According to the UN, individuals with disabilities are more likely to lose their jobs as a result of the pandemic and face more difficulty returning to work during the recovery period. Individuals with long-term effects of COVID, such as chronic fatigue, may also face employment challenges.

Visually impaired youth sharing his trauma about losing his job due to the COVID-19 pandemic because of an outstation issue—interviewed in Kolkata, West Bengal, India, September 2021

=== Education ===

As of April 2020, schools had ceased in-person operations in 189 countries, affecting roughly 1.5 billion children worldwide. Children with disabilities have faced a host of challenges related to remote learning. They have faced disruptions to the services they require as laid out in their Individualized Education Programs (IEP) and have struggled with many of the technologies used to carry out remote learning. Many types of assistive technologies, such as screen readers for the blind, are not compatible with the software platforms being used for remote learning. Children with disabilities often require in-person assistance, such as various physical and occupational therapies, and most teachers are not trained in how to conduct education remotely for children with disabilities. Parents of disabled children are also struggling, as they are being asked to provide many of the services their children receive in school without the training or expertise to do so. Parents of children with disabilities are also concerned about the risks involved in their children returning to school. Children with disabilities are more likely to have other health conditions that increase their risk of COVID-related complications.

== Vaccine access ==
For disabled individuals, COVID-19 vaccine distributions have raised some concerns. In many Western countries, such as the U.S., Canada, Australia, and across Europe, vaccine rollouts have been uneven, exposing and exacerbating many of the inequities disabled individuals face. Despite disabled people being overall more willing to be vaccinated than those without disabilities, they have received vaccines at lower rates. This vaccination-rate discrepancy likely grew from non-standardized vaccine rollouts; in the United States, for example, each state was allowed to differently implement the vaccine guidelines put forth by the Centers for Disease Control and Prevention (CDC). Similarly, in Europe and Canada, there were no specific guidelines in place that provided accommodations to disabled individuals. This lack of standardization and accommodation left many disabled individuals behind, unable to get the vaccine regardless of desire.

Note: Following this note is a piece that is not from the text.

(* Let $n\geq3$ be an integer and $f\in\mathcal A_h(\mathbb F_n)$. For every $(\theta,\omega)\in\mathbb F_n$, the map $t\in(0,+\infty)\mapsto(f\circ\delta_t)(\theta,\omega)$ is a polynomial of degree $\leq n$. Denoting its coefficients by $f_j(\theta,\omega):=\frac1{j!}\frac{d^j}{dt^j}(f\circ\delta_t)(\theta,\omega)\big|_{t=0}$, $j\in\{0,\dots,n\}$, we have: (i) $f_0,\dots,f_n\in\mathcal A_h(\mathbb F_n)$; (ii) $f=\sum_{j=0}^n f_j$; (iii) for each $k\in\{0,\dots,\lfloor n/2\rfloor\}$ there are $a_I\in\mathbb R$, $I\in\mathcal I_k^n$, such that $f_{2k}(\theta,\omega)=\sum_{I\in\mathcal I^n_k}a_I\,\omega_I$ for all $(\theta,\omega)\in\mathbb F_n$; (iv) for each $k\in\{0,\dots,\lfloor (n-1)/2\rfloor\}$ there are linear maps $b_I:\Lambda^1(\mathbb R^n)\to\mathbb R$, $I\in\mathcal I_k^n$, such that $f_{2k+1}(\theta,\omega)=\sum_{I\in\mathcal I_k^n}b_I(\theta)\,\omega_I$ for all $(\theta,\omega)\in\mathbb F_n$.
   Context: $\mathbb F_n=\Lambda^1(\mathbb R^n)\times\Lambda^2(\mathbb R^n)$ ($\Lambda^k(\mathbb R^n)$ = alternating $k$-forms on $\mathbb R^n$) with group law $(\theta,\omega)\cdot(\theta',\omega')=(\theta+\theta',\omega+\omega'+\theta\wedge\theta')$, and $\delta_t(\theta,\omega)=(t\theta,t^2\omega)$ for $t>0$. $f\in\mathcal A_h(\mathbb F_n)$ means that for all $(\theta,\omega)\in\mathbb F_n$, $\theta'\in\Lambda^1(\mathbb R^n)$, $t\in\mathbb R\mapsto f((\theta,\omega)\cdot(t\theta',0))$ is affine. Fix a basis $dx_1,\dots,dx_n$ of $\Lambda^1(\mathbb R^n)$ and write $\omega=\sum_{1\le\alpha<\beta\le n}\omega_{\alpha\beta}\,dx_\alpha\wedge dx_\beta$. Set $\mathcal I^n_0=\{\emptyset\}$ and, for $k\geq1$, $\mathcal I^n_k$ the set of $k$-tuples $I=(\alpha_1\beta_1,\dots,\alpha_k\beta_k)$ of pairs with $1\le\alpha_i<\beta_i\le n$, strictly increasing in lexicographic order, and with $\{\alpha_i,\beta_i\}\cap\{\alpha_j,\beta_j\}=\emptyset$ for $i\ne j$. Set $\omega_\emptyset=1$ and $\omega_I=\omega_{\alpha_1\beta_1}\cdots\omega_{\alpha_k\beta_k}$. *)

theory Defs
  imports Main "HOL.Real"
begin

A recent investigation into vaccine access in the United States conducted by the CDC cites access difficulties as one of the main reasons why disabled individuals are vaccinated at lower rates than the rest of the population. For example, many disabled individuals cite having trouble either getting to a vaccination location or making online appointments as one of the reasons why they have not yet been vaccinated. To overcome these obstacles, the CDC has issued a set of guidelines with regard to vaccine distribution to disabled individuals. These guidelines outline changes that vaccine locations should make, such as making instruction and information available in both American Sign Language (ASL) and in braille. Europe has also established similar guidelines.